Pinto Cañon, Gabriel
The Bologna Process and Its Impact on University-Level Chemical Education in Europe.
"Journal of Chemical Education", v. 87
This article presents a description of the Bologna Process, an effort by a consortium of 47 European countries that are trying to standardize the higher education system in Europe. Starting from a non-binding agreement at Europe level (the 1999 Bologna Declaration), it involves a voluntary joint venture for the construction of a European higher education area (EHEA). The process focuses on three major goals: facilitating and improving the mobility of University students and professors, enhancing the attractiveness and employability of higher education in Europe in an increasingly competitive global environment, and building more transparent and more homogeneous structures.
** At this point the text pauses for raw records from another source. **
lemma uminus_vertex: "v \<in> vertices \<Longrightarrow> - v \<in> vertices"
  using face_of_linear_image[of uminus "{v}" C] uminus_C
  by (simp add: vertices_def linear_uminus face_of_singleton flip: face_of_singleton)

lemma vertex_nonzero: "v \<in> vertices \<Longrightarrow> v \<noteq> 0"
  using zero_in_interior extreme_point_not_in_interior unfolding vertices_def by blast

lemma vertex_exposed:
  assumes "v \<in> vertices"
  obtains z where "v \<bullet> z = 1" "\<And>u. u \<in> vertices \<Longrightarrow> u \<noteq> v \<Longrightarrow> u \<bullet> z < 1"
proof -
  have "{v} face_of C"
    using assms by (simp add: vertices_def face_of_singleton)
  then have "{v} exposed_face_of C"
    using exposed_face_of_polyhedron polytope_imp_polyhedron polytope by blast
  moreover have "{v} \<noteq> C"
    using interior_nonempty by auto
  ultimately obtain a b where ab: "C \<subseteq> {x. a \<bullet> x \<le> b}" "{v} = C \<inter> {x. a \<bullet> x = b}"
    unfolding exposed_face_of by blast
  have "b > 0"
    using ab zero_in_C vertex_nonzero[OF assms] by force
  have "u \<bullet> ((1 / b) *\<^sub>R a) < 1" if "u \<in> vertices" "u \<noteq> v" for u
    using ab that vertices_subset \<open>b > 0\<close> by (force simp: inner_commute field_simps)
  moreover have "v \<bullet> ((1 / b) *\<^sub>R a) = 1"
    using ab \<open>b > 0\<close> by (auto simp: inner_commute)
  ultimately show ?thesis
    using that by blast
qed

lemma inner_le_support: "x \<in> C \<Longrightarrow> x \<bullet> y \<le> support y"
proof -
  have "vertices \<subseteq> {x. x \<bullet> y \<le> support y}"
    using finite_vertices by (auto simp: support_def)
  then have "convex hull vertices \<subseteq> {x. x \<bullet> y \<le> support y}"
    by (rule hull_minimal) (simp add: convex_halfspace_le inner_commute[of _ y])
  then show "x \<in> C \<Longrightarrow> x \<bullet> y \<le> support y"
    using C_eq_hull_vertices by auto
qed

lemma support_attained:
  obtains u where "u \<in> vertices" "u \<bullet> y = support y"
proof -
  have "support y \<in> (\<lambda>u. u \<bullet> y) ` vertices"
    unfolding support_def using finite_vertices vertices_nonempty by (intro Max_in) auto
  then show ?thesis
    using that by (auto simp: image_iff)
qed

lemma support_eqI:
  assumes "u \<in> vertices" "u \<bullet> y = s" "\<And>w. w \<in> vertices \<Longrightarrow> w \<bullet> y \<le> s"
  shows "support y = s"
  using assms finite_vertices unfolding support_def by (intro Max_eqI) auto

lemma support_scaleR: "c \<ge> 0 \<Longrightarrow> support (c *\<^sub>R y) = c * support y"
  by (rule support_attained[of y], rule support_eqI)
     (auto intro: mult_left_mono inner_le_support[OF subsetD[OF vertices_subset]])

lemma support_uminus: "support (- y) = support y"
proof -
  obtain u where u: "u \<in> vertices" "u \<bullet> y = support y"
    using support_attained by blast
  show ?thesis
  proof (rule support_eqI[OF uminus_vertex[OF u(1)]])
    show "(- u) \<bullet> (- y) = support y"
      using u(2) by simp
    fix w assume "w \<in> vertices"
    then have "(- w) \<bullet> y \<le> support y"
      using uminus_vertex vertices_subset inner_le_support by blast
    then show "w \<bullet> (- y) \<le> support y"
      by simp
  qed
qed

lemma support_diff_le: "support (a - b) \<le> support a + support b"
proof -
  obtain u where u: "u \<in> vertices" "u \<bullet> (a - b) = support (a - b)"
    using support_attained by blast
  have "u \<in> C" "- u \<in> C"
    using u(1) uminus_vertex vertices_subset by auto
  then have "u \<bullet> a \<le> support a" "(- u) \<bullet> b \<le> support b"
    by (blast intro: inner_le_support)+
  then show ?thesis
    using u(2) by (simp add: inner_diff_right)
qed

lemma support_segment_le:
  assumes "b - a = s *\<^sub>R g" "0 \<le> s"
  shows "s * support g \<le> support a + support b"
  using support_diff_le[of b a] support_scaleR[OF assms(2), of g] assms(1) by simp

lemma support_lower_bound:
  obtains r where "r > 0" "\<And>y. r * norm y \<le> support y"
proof -
  obtain r where "r > 0" "cball 0 r \<subseteq> C"
    using zero_in_interior mem_interior_cball by blast
  moreover have "r * norm y \<le> support y" if "r > 0" "cball 0 r \<subseteq> C" for y
  proof (cases "y = 0")
    case True
    then show ?thesis
      using support_scaleR[of 0 y] by simp
  next
    case False
    then have "(r / norm y) *\<^sub>R y \<in> C"
      using that by auto
    from inner_le_support[OF this, of y] show ?thesis
      using False by (simp add: power2_norm_eq_inner[symmetric] power2_eq_square)
  qed
  ultimately show ?thesis
    using that by blast
qed

lemma support_upper_bound:
  obtains R where "R > 0" "\<And>y. support y \<le> R * norm y"
proof -
  obtain R where R: "R > 0" "\<And>x. x \<in> C \<Longrightarrow> norm x \<le> R"
    using bounded_C bounded_pos by blast
  have "support y \<le> R * norm y" for y
  proof -
    obtain u where "u \<in> vertices" "u \<bullet> y = support y"
      using support_attained by blast
    then show ?thesis
      using norm_cauchy_schwarz[of u y] R(2)[of u] vertices_subset
      by (smt (verit, best) mult_right_mono norm_ge_zero subsetD)
  qed
  then show ?thesis
    using that R(1) by blast
qed

lemma width_fun_C: "width_fun C y = 2 * support y"
proof (rule antisym)
  show "width_fun C y \<le> 2 * support y"
  proof (rule width_fun_le)
    show "C \<noteq> {}"
      using zero_in_C by blast
    fix a b assume "a \<in> C" "b \<in> C"
    then have "a \<bullet> y \<le> support y" "(- b) \<bullet> y \<le> support y"
      using symmetric inner_le_support by blast+
    then show "y \<bullet> (a - b) \<le> 2 * support y"
      by (simp add: inner_diff_right inner_commute)
  qed
  obtain u where u: "u \<in> vertices" "u \<bullet> y = support y"
    using support_attained by blast
  then have "y \<bullet> (u - - u) \<le> width_fun C y"
    using vertices_subset uminus_vertex by (intro width_fun_ge bounded_C) auto
  then show "2 * support y \<le> width_fun C y"
    using u(2) by (simp add: inner_add_right inner_commute)
qed

lemma mem_polar_iff: "z \<in> polar C \<longleftrightarrow> support z \<le> 1"
proof
  obtain u where "u \<in> vertices" "u \<bullet> z = support z"
    using support_attained by blast
  then show "z \<in> polar C \<Longrightarrow> support z \<le> 1"
    using vertices_subset by (force simp: polar_def)
  show "support z \<le> 1 \<Longrightarrow> z \<in> polar C"
    using inner_le_support by (auto simp: polar_def intro: order_trans)
qed

lemma mem_polar_iff_vertices: "z \<in> polar C \<longleftrightarrow> (\<forall>u\<in>vertices. u \<bullet> z \<le> 1)"
  unfolding mem_polar_iff support_def using finite_vertices vertices_nonempty by simp

lemma convex_body_polar: "convex_body (polar C)"
proof -
  have polar_Inter: "polar C = (\<Inter>x\<in>C. {y. x \<bullet> y \<le> 1})"
    by (auto simp: polar_def)
  have "closed (polar C)" "convex (polar C)"
    unfolding polar_Inter by (auto intro!: convex_INT closed_halfspace_le convex_halfspace_le)
  moreover obtain r where r: "r > 0" "\<And>y. r * norm y \<le> support y"
    using support_lower_bound by blast
  have "norm z \<le> 1 / r" if "z \<in> polar C" for z
    using r(2)[of z] that r(1) by (simp add: mem_polar_iff field_simps)
  then have "bounded (polar C)"
    by (auto simp: bounded_iff)
  moreover obtain R where R: "R > 0" "\<And>y. support y \<le> R * norm y"
    using support_upper_bound by blast
  have "ball 0 (1 / R) \<subseteq> polar C"
  proof
    fix z :: 'a assume "z \<in> ball 0 (1 / R)"
    then have "R * norm z < 1"
      using R(1) by (simp add: field_simps)
    then show "z \<in> polar C"
      using R(2)[of z] by (simp add: mem_polar_iff)
  qed
  then have "ball 0 (1 / R) \<subseteq> interior (polar C)"
    by (rule interior_maximal) simp
  then have "interior (polar C) \<noteq> {}"
    using R(1) by (metis centre_in_ball divide_pos_pos empty_iff subsetD zero_less_one)
  ultimately show ?thesis
    by (auto simp: convex_body_def compact_eq_bounded_closed)
qed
This convergence process tries to obtain, across several specific objectives (adoption of a system of easily readable and comparable degrees, a common system of credits and grades, quality assurance, promotion of lifelong learning, and others) a comparable, common, coherent and attractive space for the tertiary education sector in Europe by the year 2010. The proposed system of credits, known as ECTS (European credit transfer and accumulation system) promotes a shift from teaching to learning in University education. In this way, the Bologna Process emphasizes students learning outcomes and modern pedagogical methodologies, including active learning. Basic implications in the European system for chemistry education are summarized, including information about a framework bachelors degree program in chemistry called the European Eurobachelor, which is intended to set a standard for chemistry higher education.